16Terms to be implied on redemption of trading stamps for goods

(1)For section 4 of the Trading Stamps Act 1964 (warranties to be implied on redemption of trading stamps for goods) there shall be substituted the following section:— Warranties to be implied on redemption of trading stamps for goods.

4(1)In every redemption of trading stamps for goods, notwithstanding any terms to the contrary on which the redemption is made, there is—

(a)an implied warranty on the part of the promoter of the trading stamp scheme that he has a right to give the goods in exchange ;

(b)an implied warranty that the goods are free from any charge or encumbrance not disclosed or known to the person obtaining the goods before, or at the time of, redemption and that that person will enjoy quiet possession of the goods except so far as it may be disturbed by the owner or other person entitled to the benefit of any charge or encumbrance so disclosed or known;

(c)an implied warranty that the goods are of merchantable quality, except that there is no such warranty—

(i)as regards defects specifically drawn to the attention of the person obtaining the goods before or at the time of redemption; or

(ii)if that person examines the goods before or at the time of redemption, as regards defects which that examination ought to reveal.

(2)Goods o; any kind are of merchantable quality within the meaning of this section if they are as fit for the purpose or purposes for which goods of that kind are commonly bought as it is reasonable to expect having regard to any description applied to them and all the other relevant circumstances.

(3)In the application of this section to Scotland for any reference to a warranty there shall be substituted a reference to a stipulation.

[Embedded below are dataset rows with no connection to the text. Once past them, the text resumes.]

lemma exists_l1_norm_ge_2:
  assumes "R \<subseteq> primitive_quad4" "3 \<le> card R"
  shows "\<exists>z\<in>R. 2 \<le> fst z - snd z"
proof (rule ccontr)
  assume small: "\<not> (\<exists>z\<in>R. 2 \<le> fst z - snd z)"
  have "z \<in> {(1, 0), (0, -1)}" if "z \<in> R" for z
  proof -
    have "z \<in> primitive_quad4"
      using that assms(1) by blast
    moreover have "fst z - snd z = 1"
      using primitive_quad4_l1_norm(1)[OF calculation] small that by fastforce
    ultimately show ?thesis
      using primitive_quad4_l1_norm(2) by blast
  qed
  then have "card R \<le> card {(1::int, 0::int), (0, -1)}"
    by (intro card_mono) auto
  then show False
    using assms(2) by simp
qed

lemma lattice_angle_strict_bounds:
  assumes "w \<in> primitive_quad4" "w \<noteq> (1, 0)" "w \<noteq> (0, -1)"
  shows "0 < lattice_angle w" "lattice_angle w < 1"
proof -
  have "lattice_angle w \<noteq> lattice_angle (1, 0)" "lattice_angle w \<noteq> lattice_angle (0, -1)"
    using assms inj_onD[OF inj_on_lattice_angle] axes_in_primitive_quad4 by metis+
  then show "0 < lattice_angle w" "lattice_angle w < 1"
    using lattice_angle_bounds[OF assms(1)] lattice_angle_axes by auto
qed

text \<open>Take w of maximal l1-norm N. Its neighbours sum to k w with k = ldet v u, and a
  unimodular neighbour cannot have the same norm N \<ge> 2, so 2 \<le> k N < 2 N forces k = 1.\<close>
lemma unimodular_chain_blowdown:
  assumes ch: "unimodular_chain R" and card: "3 \<le> card R"
  shows "\<exists>u w v. adjacent lattice_angle R u w \<and> adjacent lattice_angle R w v \<and> w = u + v"
proof -
  note R = unimodular_chainD[OF ch]
  define N where "N w = fst w - snd w" for w :: lvec
  have "Max (N ` R) \<in> N ` R"
    using R(1,3) by (intro Max_in) auto
  then obtain w where w: "w \<in> R" "N w = Max (N ` R)"
    by auto
  have Nmax: "N z \<le> N w" and N1: "1 \<le> N z" if "z \<in> R" for z
    using w R(1,2) that primitive_quad4_l1_norm by (auto simp: N_def)
  have "2 \<le> N w"
    using exists_l1_norm_ge_2[OF R(2) card] Nmax unfolding N_def by fastforce
  then have "w \<in> primitive_quad4" "w \<noteq> (1, 0)" "w \<noteq> (0, -1)"
    using w(1) R(2) by (auto simp: N_def)
  then have "lattice_angle (1, 0) < lattice_angle w" "lattice_angle w < lattice_angle (0, -1)"
    using lattice_angle_strict_bounds lattice_angle_axes by simp_all
  then obtain u v where uw: "adjacent lattice_angle R u w" and wv: "adjacent lattice_angle R w v"
    using exists_adjacent_left[OF R(1) w(1) R(3)] exists_adjacent_right[OF R(1) w(1) R(4)]
    by blast
  have uR: "u \<in> R" and vR: "v \<in> R"
    using uw wv by (simp_all add: adjacent_def)
  have dets: "ldet u w = -1" "ldet w v = -1"
    using R(6) uw wv by blast+
  then have "N u \<noteq> N w" "N v \<noteq> N w"
    using l1_norm_ne_if_unimodular[of u w] l1_norm_ne_if_unimodular[of v w] \<open>2 \<le> N w\<close>
      ldet_commute[of v w] unfolding N_def by auto
  then have "0 < N u + N v" "N u + N v < 2 * N w"
    using Nmax[OF uR] Nmax[OF vR] N1[OF uR] N1[OF vR] by linarith+
  moreover have "fst u + fst v = ldet v u * fst w" "snd u + snd v = ldet v u * snd w"
    using ldet_blowdown_relation[OF dets] by (simp_all add: prod_eq_iff)
  then have "N u + N v = ldet v u * N w"
    by (simp add: N_def right_diff_distrib)
  ultimately have "0 < ldet v u" "ldet v u < 2"
    using \<open>2 \<le> N w\<close> by (simp_all add: zero_less_mult_iff mult_less_cancel_right)
  then have "ldet v u = 1"
    by linarith
  then have "w = u + v"
    using ldet_blowdown_relation[OF dets] by simp
  then show ?thesis
    using uw wv by blast
qed
lemma sum_subsets_card_gt_le_powr:
  fixes p q :: "'i \<Rightarrow> real" and \<theta> r :: real
  assumes "finite I" and "1 \<le> \<theta>" and "\<And>i. i \<in> I \<Longrightarrow> 0 \<le> p i" and "\<And>i. i \<in> I \<Longrightarrow> 0 \<le> q i"
  shows "(\<Sum>J\<in>{J. J \<subseteq> I \<and> r < real (card J)}. (\<Prod>i\<in>J. p i) * (\<Prod>i\<in>I - J. q i))
    \<le> \<theta> powr (- r) * (\<Prod>i\<in>I. \<theta> * p i + q i)"
proof -
  define W where "W J = (\<Prod>i\<in>J. p i) * (\<Prod>i\<in>I - J. q i)" for J
  have W: "0 \<le> W J" if "J \<subseteq> I" for J
    unfolding W_def using assms that by (intro mult_nonneg_nonneg prod_nonneg) auto
  have "(\<Sum>J\<in>{J. J \<subseteq> I \<and> r < real (card J)}. W J)
      \<le> (\<Sum>J\<in>{J. J \<subseteq> I \<and> r < real (card J)}. \<theta> powr (- r) * (\<theta> ^ card J * W J))"
  proof (intro sum_mono)
    fix J assume "J \<in> {J. J \<subseteq> I \<and> r < real (card J)}"
    then have "1 \<le> \<theta> powr (real (card J) - r)" and "J \<subseteq> I"
      using assms by (auto intro: ge_one_powr_ge_zero)
    then have "1 * W J \<le> \<theta> powr (real (card J) - r) * W J"
      using W by (intro mult_right_mono) auto
    also have "\<theta> powr (real (card J) - r) = \<theta> powr (- r) * \<theta> ^ card J"
      using assms powr_add[of \<theta> "- r" "real (card J)"] by (simp add: powr_realpow)
    finally show "W J \<le> \<theta> powr (- r) * (\<theta> ^ card J * W J)" by (simp add: mult.assoc)
  qed
  also have "\<dots> \<le> (\<Sum>J\<in>Pow I. \<theta> powr (- r) * (\<theta> ^ card J * W J))"
    using assms W by (intro sum_mono2) auto
  also have "\<dots> = \<theta> powr (- r) * (\<Sum>J\<in>Pow I. (\<Prod>i\<in>J. \<theta> * p i) * (\<Prod>i\<in>I - J. q i))"
    unfolding sum_distrib_left W_def using \<open>finite I\<close>
    by (intro sum.cong refl arg_cong[where f = "(*) _"])
       (auto simp: prod.distrib mult.assoc dest: finite_subset)
  also have "\<dots> = \<theta> powr (- r) * (\<Prod>i\<in>I. \<theta> * p i + q i)"
    by (simp add: prod_add \<open>finite I\<close>)
  finally show ?thesis unfolding W_def .
qed

lemma prefix_products_sum_le:
  fixes p q :: "nat \<Rightarrow> real"
  assumes "\<And>i. i < k \<Longrightarrow> 0 \<le> p i" and "\<And>i. i < k \<Longrightarrow> 0 \<le> q i"
    and "\<And>i. i < k \<Longrightarrow> 25 * p i + 16 * q i \<le> 16 + 16 * \<epsilon>" and "0 \<le> \<epsilon>"
  shows "(\<Sum>n<k. 5/4 * p n * (\<Prod>i<n. 5/4 * p i + q i)) + 4 * (\<Prod>i<k. 5/4 * p i + q i)
    \<le> 4 * (1 + \<epsilon>) ^ k"
  using assms
proof (induction k)
  case 0
  then show ?case by simp
next
  case (Suc k)
  define T where "T = (\<Sum>n<k. 5/4 * p n * (\<Prod>i<n. 5/4 * p i + q i))"
  define P where "P = (\<Prod>i<k. 5/4 * p i + q i)"
  have IH: "T + 4 * P \<le> 4 * (1 + \<epsilon>) ^ k"
    unfolding T_def P_def using Suc.prems by (intro Suc.IH) auto
  have "0 \<le> P" unfolding P_def using Suc.prems by (intro prod_nonneg) auto
  have "0 \<le> T" unfolding T_def using Suc.prems
    by (intro sum_nonneg mult_nonneg_nonneg prod_nonneg) auto
  have "(\<Sum>n<Suc k. 5/4 * p n * (\<Prod>i<n. 5/4 * p i + q i)) + 4 * (\<Prod>i<Suc k. 5/4 * p i + q i)
      = T + P * (25/4 * p k + 4 * q k)"
    unfolding T_def P_def by (simp add: algebra_simps)
  also have "\<dots> \<le> T + P * (4 * (1 + \<epsilon>))"
    using Suc.prems(3)[of k] \<open>0 \<le> P\<close> by (intro add_left_mono mult_left_mono) auto
  also have "\<dots> \<le> (1 + \<epsilon>) * (T + 4 * P)"
    using \<open>0 \<le> T\<close> Suc.prems by (simp add: algebra_simps)
  also have "\<dots> \<le> (1 + \<epsilon>) * (4 * (1 + \<epsilon>) ^ k)"
    using IH Suc.prems by (intro mult_left_mono) auto
  finally show ?case by simp
qed

lemma le_two_exp_of_le_min:
  fixes \<mu> w :: real
  assumes "\<mu> \<le> 1" and "\<mu> \<le> 37 * exp (- (7 * w))"
  shows "\<mu> \<le> 2 * exp (- w)"
proof (cases "exp w \<le> 2")
  case True
  then have "1 \<le> 2 * exp (- w)" by (simp add: exp_minus field_simps)
  then show ?thesis using assms(1) by simp
next
  case False
  then have "(2::real) ^ 6 \<le> exp w ^ 6" by (intro power_mono) auto
  then have "37 * exp (- (7 * w)) \<le> 2 * exp w ^ 6 * exp (- (7 * w))" by simp
  also have "\<dots> = 2 * exp (- w)"
    by (simp add: exp_of_nat_mult[symmetric] mult.assoc flip: exp_add)
  finally show ?thesis using assms(2) by simp
qed

lemma five_fourths_powr_tail_le:
  fixes s :: real
  shows "(5/4) powr (1 - s) * (4 * exp 2) \<le> 37 * exp (- (7 * (ln (5/4) / 7 * s)))"
proof -
  have "exp (2::real) = exp 1 * exp 1" by (simp flip: exp_add)
  also have "\<dots> \<le> 2.72 * 2.72" using e_less_272 by (intro mult_mono) auto
  finally have "5 * exp (2::real) \<le> 37" by simp
  have "(5/4) powr (1 - s) * (4 * exp 2) = 5 * exp 2 * exp (- (7 * (ln (5/4) / 7 * s)))"
    using powr_add[of "5/4::real" 1 "- s"] by (simp add: powr_def)
  also have "\<dots> \<le> 37 * exp (- (7 * (ln (5/4) / 7 * s)))"
    using \<open>5 * exp 2 \<le> 37\<close> by (intro mult_right_mono) auto
  finally show ?thesis .
qed

section \<open>Truncated exponential distribution\<close>

lemma texp_density_borel[measurable]:
  "(\<lambda>x. ennreal (texp_density lam Del x)) \<in> borel_measurable borel"
  unfolding texp_density_def by measurable

lemma space_texp[simp]: "space (texp lam Del) = UNIV"
  and sets_texp[simp]: "sets (texp lam Del) = sets borel"
  unfolding texp_def by simp_all

lemma emeasure_texp_lessThan:
  assumes lam: "lam > 0" and Del: "Del > 0"
  shows "emeasure (texp lam Del) {..<x} =
    ennreal ((1 - exp (- max 0 (min x Del) / lam)) / (1 - exp (- Del / lam)))"
proof -
  define Z where "Z = 1 - exp (- Del / lam)"
  define m where "m = max 0 (min x Del)"
  have Z: "Z > 0" unfolding Z_def using lam Del by simp
  have "emeasure (texp lam Del) {..<x} =
      (\<integral>\<^sup>+y. ennreal (texp_density lam Del y) * indicator {..<x} y \<partial>lborel)"
    unfolding texp_def by (subst emeasure_density) auto
  also have "\<dots> = (\<integral>\<^sup>+y. ennreal (exp (- y / lam) / (lam * Z)) * indicator {0..m} y \<partial>lborel)"
    using AE_lborel_singleton[of m]
    by (intro nn_integral_cong_AE, eventually_elim)
       (auto simp: texp_density_def indicator_def m_def Z_def)
  also have "\<dots> = ennreal ((\<lambda>y. - exp (- y / lam) / Z) m - (\<lambda>y. - exp (- y / lam) / Z) 0)"
    using lam Z
    by (intro nn_integral_FTC_Icc) (auto intro!: derivative_eq_intros simp: m_def field_simps)
  finally show ?thesis
    unfolding m_def Z_def by (simp add: diff_divide_distrib)
qed
(* Let $K$ be an algebraically closed field of characteristic zero, $\mathcal{K} = K(t)$, and let $\beta \in \mathcal{K}$ with $h(\beta) = 1$ or $h(\beta) = 2$. Let \[\Phi_1(z,t) = z^2 - z + t,\] \[\Phi_3(z,t) = z^6 + z^5 + (3t+1)z^4 + (2t+1)z^3 + (3t^2+3t+1)z^2 + (t+1)^2 z + t^3 + 2t^2 + t + 1.\] Then there exists $c \in K$ such that $\Phi_3(\beta,t)$ vanishes at the place $t = c$ but neither $\Phi_1(\beta,t)$ nor $\beta$ vanishes at $t=c$.
   Context: The height $h(\beta)$ of $\beta \in K(t)$ is its degree as a rational function in $t$ (maximum of the degrees of numerator and denominator in lowest terms). An element of $K(t)$ vanishes at the place $t=c$ if its order of vanishing at $t=c$ is positive. ($\Phi_1,\Phi_3$ are the first and third dynatomic polynomials of $z^2+t$.) *)

theory Defs
  imports "HOL-Computational_Algebra.Polynomial" "HOL-Computational_Algebra.Fraction_Field"
begin

type_synonym 'a ratfun = "'a poly fract"

definition T :: "'a::field ratfun" where
  "T = Fract [:0, 1:] 1"

definition height :: "'a::field ratfun \<Rightarrow> nat" where
  "height x = (THE n. \<exists>p q. q \<noteq> 0 \<and> coprime p q \<and> x = Fract p q \<and>
                             n = max (degree p) (degree q))"

text \<open>Order of vanishing at t = c is positive (the zero function vanishes everywhere).
  For a nonzero x = p/q the order at c is order c p - order c q, which is independent
  of the chosen representation.\<close>
definition vanishes_at :: "'a::field \<Rightarrow> 'a ratfun \<Rightarrow> bool" where
  "vanishes_at c x \<longleftrightarrow> x = 0 \<or>
     (\<exists>p q. p \<noteq> 0 \<and> q \<noteq> 0 \<and> x = Fract p q \<and> int (order c p) - int (order c q) > 0)"

definition Phi1 :: "'a::field ratfun \<Rightarrow> 'a ratfun" where
  "Phi1 z = z^2 - z + T"

definition Phi3 :: "'a::field ratfun \<Rightarrow> 'a ratfun" where
  "Phi3 z = z^6 + z^5 + (3*T + 1) * z^4 + (2*T + 1) * z^3 + (3*T^2 + 3*T + 1) * z^2
            + (T + 1)^2 * z + T^3 + 2*T^2 + T + 1"

end

theory Submission
  imports Defs "HOL-Computational_Algebra.Polynomial_Factorial"
begin

text \<open>Write \<open>\<beta> = p/q\<close> in lowest terms and let \<open>H = q\<^sup>6 \<Phi>\<^sub>3(p/q, t) \<in> K[t]\<close>,
  a polynomial of degree \<open>max (6 deg p) (6 deg q + 3)\<close>. If the claim failed, every zero \<open>c\<close>
  of \<open>H\<close> would be a zero of \<open>p\<close> or of the numerator \<open>p\<^sup>2 - pq + tq\<^sup>2\<close> of \<open>\<Phi>\<^sub>1(\<beta>)\<close>.
  In the second case a period-3 cycle of \<open>z\<^sup>2 + c\<close> collides with a fixed point: then
  \<open>16c\<^sup>2 + 4c + 7 = 0\<close> and \<open>c\<close> is a simple zero of \<open>H\<close>. In the first case
  \<open>c\<^sup>3 + 2c\<^sup>2 + c + 1 = 0\<close>, the curve \<open>\<Phi>\<^sub>3 = 0\<close> has a smooth branch \<open>z = U(t)\<close> through
  \<open>(0, c)\<close>, and the multiplicity of \<open>c\<close> in \<open>H\<close> is the order of contact of \<open>p/q\<close> with \<open>U\<close>;
  an explicit Pade-type computation bounds it by 5 (by 4, resp. 2, when \<open>deg q < deg p = 2\<close>,
  resp. \<open>1\<close>). Summing multiplicities, \<open>deg H\<close> is at most that bound times \<open>deg p\<close> plus 2,
  which is smaller than \<open>deg H\<close>.\<close>

section \<open>Homogenised dynatomic polynomials\<close>

definition Phi1_hom :: "'a::comm_ring_1 \<Rightarrow> 'a \<Rightarrow> 'a \<Rightarrow> 'a" where
  "Phi1_hom a b t = a^2 - a*b + t*b^2"

definition Phi3_hom :: "'a::comm_ring_1 \<Rightarrow> 'a \<Rightarrow> 'a \<Rightarrow> 'a" where
  "Phi3_hom a b t = a^6 + a^5*b + (3*t+1)*a^4*b^2 + (2*t+1)*a^3*b^3 + (3*t^2+3*t+1)*a^2*b^4
     + (t+1)^2*a*b^5 + (t^3+2*t^2+t+1)*b^6"

lemma Phi1_hom_scale: "Phi1_hom (u*s) (v*s) t = s^2 * Phi1_hom u v (t::'a::idom)"
  unfolding Phi1_hom_def by algebra

lemma Phi3_hom_scale: "Phi3_hom (u*s) (v*s) t = s^6 * Phi3_hom u v (t::'a::idom)"
  unfolding Phi3_hom_def by algebra

lemma Phi3_hom_horner:
  "Phi3_hom u 1 t =
     (((((u+1)*u + (3*t+1))*u + (2*t+1))*u + (3*t^2+3*t+1))*u + (t+1)^2)*u + (t^3+2*t^2+t+1::'a::idom)"
  unfolding Phi3_hom_def power_one mult_1_right by algebra

lemma Phi3_hom_Phi1_hom:
  "Phi3_hom a b t = Phi1_hom a b t *
     (a^4 + 2*a^3*b + (3+2*t)*a^2*b^2 + (4+2*t)*a*b^3 + (5+2*t+t^2)*b^4) + (6*a + (1-4*t)*b)*(b::'a::idom)^5"
  unfolding Phi3_hom_def Phi1_hom_def by algebra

(2)The section so substituted, without subsection (3) thereof, shall be substituted for section 4 of the Trading Stamps Act (Northern Ireland) 1965 (warranties to be implied on redemption of trading stamps for goods).

Miscellaneous

17Northern Ireland

(1)It is hereby declared that this Act extends to Northern Ireland.

(2)For the purposes of section 6 of the Government of Ireland Act 1920 this Act shall, so far as it relates to matters within the powers of the Parliament of Northern Ireland, be deemed to be an Act passed before the appointed day within the meaning of that section.

18Short title, citation, interpretation, commencement, repeal and saving

(1)This Act may be cited as the Supply of Goods (Implied Terms) Act 1973.

(2)In this Act " the principal Act" means the Sale of Goods Act 1893.

(3)This Act shall come into operation at the expiration of a period of one month beginning with the date on which it is passed.

(4)Sections 17 to 20 and 29(3)(c) of each of the following Acts, that is to say, the Hire-Purchase Act 1965, the Hire-Purchase (Scotland) Act 1965 and the Hire Purchase Act (Northern Ireland) 1966 (provisions as to conditions, warranties and stipulations in hire-purchase agreements) shall cease to have effect.

(5)This Act does not apply to contracts of sale or hire-purchase agreements made before its commencement.